Claude's tool_use Flow

Claude's tool calling works through the Messages API. You define tools as JSON schemas in the tools parameter. Claude decides when to call a tool by returning a tool_use content block in its response. Your application executes the tool and sends the result back as a tool_result block. The conversation continues until Claude stops requesting tools.

The critical gap is between steps two and three: Claude returns a tool_use block, and your application executes it. In most tutorials and starter code, that execution is unconditional. Whatever Claude asks for, the application does. The protect() pattern inserts a policy evaluation at exactly that point.

The protect() Pattern

Wrap every tool_use block in a Veto protect() call before executing the tool.
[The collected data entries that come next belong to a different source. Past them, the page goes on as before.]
(* Let $A_1=(1,0,-1)^8$ and $A_2=(0,1,-1,-1,3,-2,-2,5,-3,-3,7,-4,-4,9,-5,-5,11,-6,-6,13,-7,-7,15,-8)$ in $\mathbb{Z}^{24}$, let $a_1,a_2$ be integers, $A=a_1A_1+a_2A_2$, and let $m$ be an odd positive integer with $\gcd(a_1,a_2,m)=1$ and $\gcd(a_2,m)\in\{1,3\}$. Then the triangle $\nabla\big(\mathrm{IAP}(\pi_m(A),\pi_m(A)X_{24})[3\lambda m]\big)$ is balanced in $\mathbb{Z}/m\mathbb{Z}$ for every non-negative integer $\lambda$.
   Context: $\pi_m$ is reduction mod $m$; tuples are row vectors; $X_{24}=(\delta_{r,s}+\delta_{r,25-s})_{1\le r,s\le24}$. For $24$-tuples $A=(a_0,\dots,a_{23})$, $D=(d_0,\dots,d_{23})$, $\mathrm{IAP}(A,D)=(u_j)_{j\in\mathbb{Z}}$ with $u_{24q+r}=a_r+qd_r$. For a sequence $S=(u_j)_{j\in\mathbb{Z}}$, $S[n]=(u_0,\dots,u_{n-1})$. For a finite sequence $(u_0,\dots,u_{n-1})$, the triangle $\nabla(u_0,\dots,u_{n-1})$ is $(a_{i,j})_{i,j\ge0,i+j<n}$ with $a_{0,j}=u_j$ and $a_{i,j}=-a_{i-1,j}-a_{i-1,j+1}$ for $i\ge1$; it is balanced if every element of $\mathbb{Z}/m\mathbb{Z}$ occurs the same number of times among its entries. *)

theory Defs
  imports Main
begin

text \<open>24-tuples are represented as functions on the indices 0..23 (0-based).\<close>

definition A1 :: "nat \<Rightarrow> int" where
  "A1 r = [1, 0, -1] ! (r mod 3)"

definition A2 :: "nat \<Rightarrow> int" where
  "A2 r = [0, 1, -1, -1, 3, -2, -2, 5, -3, -3, 7, -4, -4, 9, -5, -5, 11, -6, -6, 13, -7, -7, 15, -8] ! r"

definition red :: "int \<Rightarrow> (nat \<Rightarrow> int) \<Rightarrow> nat \<Rightarrow> int" where
  "red m v r = v r mod m"

text \<open>row vector times X_24 (0-based): (v X)_s = v_s + v_(23-s); computed mod m\<close>
definition timesX :: "int \<Rightarrow> (nat \<Rightarrow> int) \<Rightarrow> nat \<Rightarrow> int" where
  "timesX m v s = (v s + v (23 - s)) mod m"

text \<open>IAP(A,D): u_(24q+r) = a_r + q d_r (only non-negative indices are needed for S[n])\<close>
definition IAP :: "(nat \<Rightarrow> int) \<Rightarrow> (nat \<Rightarrow> int) \<Rightarrow> nat \<Rightarrow> int" where
  "IAP a d j = a (j mod 24) + int (j div 24) * d (j mod 24)"

text \<open>triangle entries a_(i,j), computed over the integers (reduction mod m commutes)\<close>
fun tri :: "(nat \<Rightarrow> int) \<Rightarrow> nat \<Rightarrow> nat \<Rightarrow> int" where
  "tri u 0 j = u j"
| "tri u (Suc i) j = - tri u i j - tri u i (Suc j)"

definition balanced :: "int \<Rightarrow> (nat \<Rightarrow> int) \<Rightarrow> nat \<Rightarrow> bool" where
  "balanced m u n = (\<forall>x\<in>{0..<m}. \<forall>y\<in>{0..<m}.
     card {(i, j). i + j < n \<and> tri u i j mod m = x}
   = card {(i, j). i + j < n \<and> tri u i j mod m = y})"

end

theory Submission
  imports Defs "HOL-Number_Theory.Cong"
begin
The pattern is identical in Python and TypeScript:

claude_protect_pattern.pypython
import anthropic
from veto import Veto, Decision

client = anthropic.Anthropic()
veto = Veto(api_key="veto_live_xxx", project="claude-agent")

TOOLS = [
    {
        "name": "read_file",
        "description": "Read a file from the filesystem",
        "input_schema": {
            "type": "object",
            "properties": {
                "path": {"type": "string", "description": "File path to read"}
            },
            "required": ["path"],
        },
    },
    {
        "name": "execute_command",
        "description": "Run a shell command",
        "input_schema": {
            "type": "object",
            "properties": {
                "command": {"type": "string", "description": "Shell command"}
            },
            "required": ["command"],
        },
    },
    {
        "name": "call_api",
        "description": "Make an HTTP API request",
        "input_schema": {
            "type": "object",
            "properties": {
                "url": {"type": "string"},
                "method": {"type": "string", "enum": ["GET", "POST", "PUT", "DELETE"]},
                "body": {"type": "object"},
            },
            "required": ["url", "method"],
        },
    },
]

async def run_claude_agent(user_message: str, user_id: str):
    messages = [{"role": "user", "content": user_message}]

    while True:
        response = client.messages.create(
            model="claude-sonnet-4-6",
            max_tokens=4096,
            tools=TOOLS,
            messages=messages,
        )

        if response.stop_reason != "tool_use":
            return response

        tool_blocks = [b for b in response.content if b.type == "tool_use"]
        tool_results = []

        for block in tool_blocks:
            decision = veto.protect(
                tool=block.name,
                arguments=block.input,
                context={
                    "user_id": user_id,
                    "model": "claude-sonnet-4-6",
                    "session_id": response.id,
                    "turn_count": len(messages) // 2,
                },
            )

            if decision.action == Decision.ALLOW:
                result = await execute_tool(block.name, block.input)
                tool_results.append({
                    "type": "tool_result",
                    "tool_use_id": block.id,
                    "content": str(result),
                })
            elif decision.action == Decision.DENY:
                tool_results.append({
                    "type": "tool_result",
                    "tool_use_id": block.id,
                    "content": f"BLOCKED: {decision.reason}",
                    "is_error": True,
                })
            elif decision.action == Decision.APPROVAL_REQUIRED:
                approval = veto.wait_for_approval(
                    decision_id=decision.id,
                    timeout=decision.approval_timeout,
                )
                if approval.granted:
                    result = await execute_tool(block.name, block.input)
                    tool_results.append({
                        "type": "tool_result",
                        "tool_use_id": block.id,
                        "content": str(result),
                    })
                else:
                    tool_results.append({
                        "type": "tool_result",
                        "tool_use_id": block.id,
                        "content": f"DENIED: {approval.reason}",
                        "is_error": True,
                    })

        messages.append({"role": "assistant", "content": response.content})
        messages.append({"role": "user", "content": tool_results})

Claude Agent SDK Hooks

Anthropic's Claude Agent SDK (the framework behind Claude Code) includes a hooks system designed for exactly this use case. Hooks are lifecycle callbacks that fire at specific points in the agent loop: before_tool_call, after_tool_call, before_model_call, and after_model_call. Veto integrates at the before_tool_call hook to authorize every tool invocation before it executes.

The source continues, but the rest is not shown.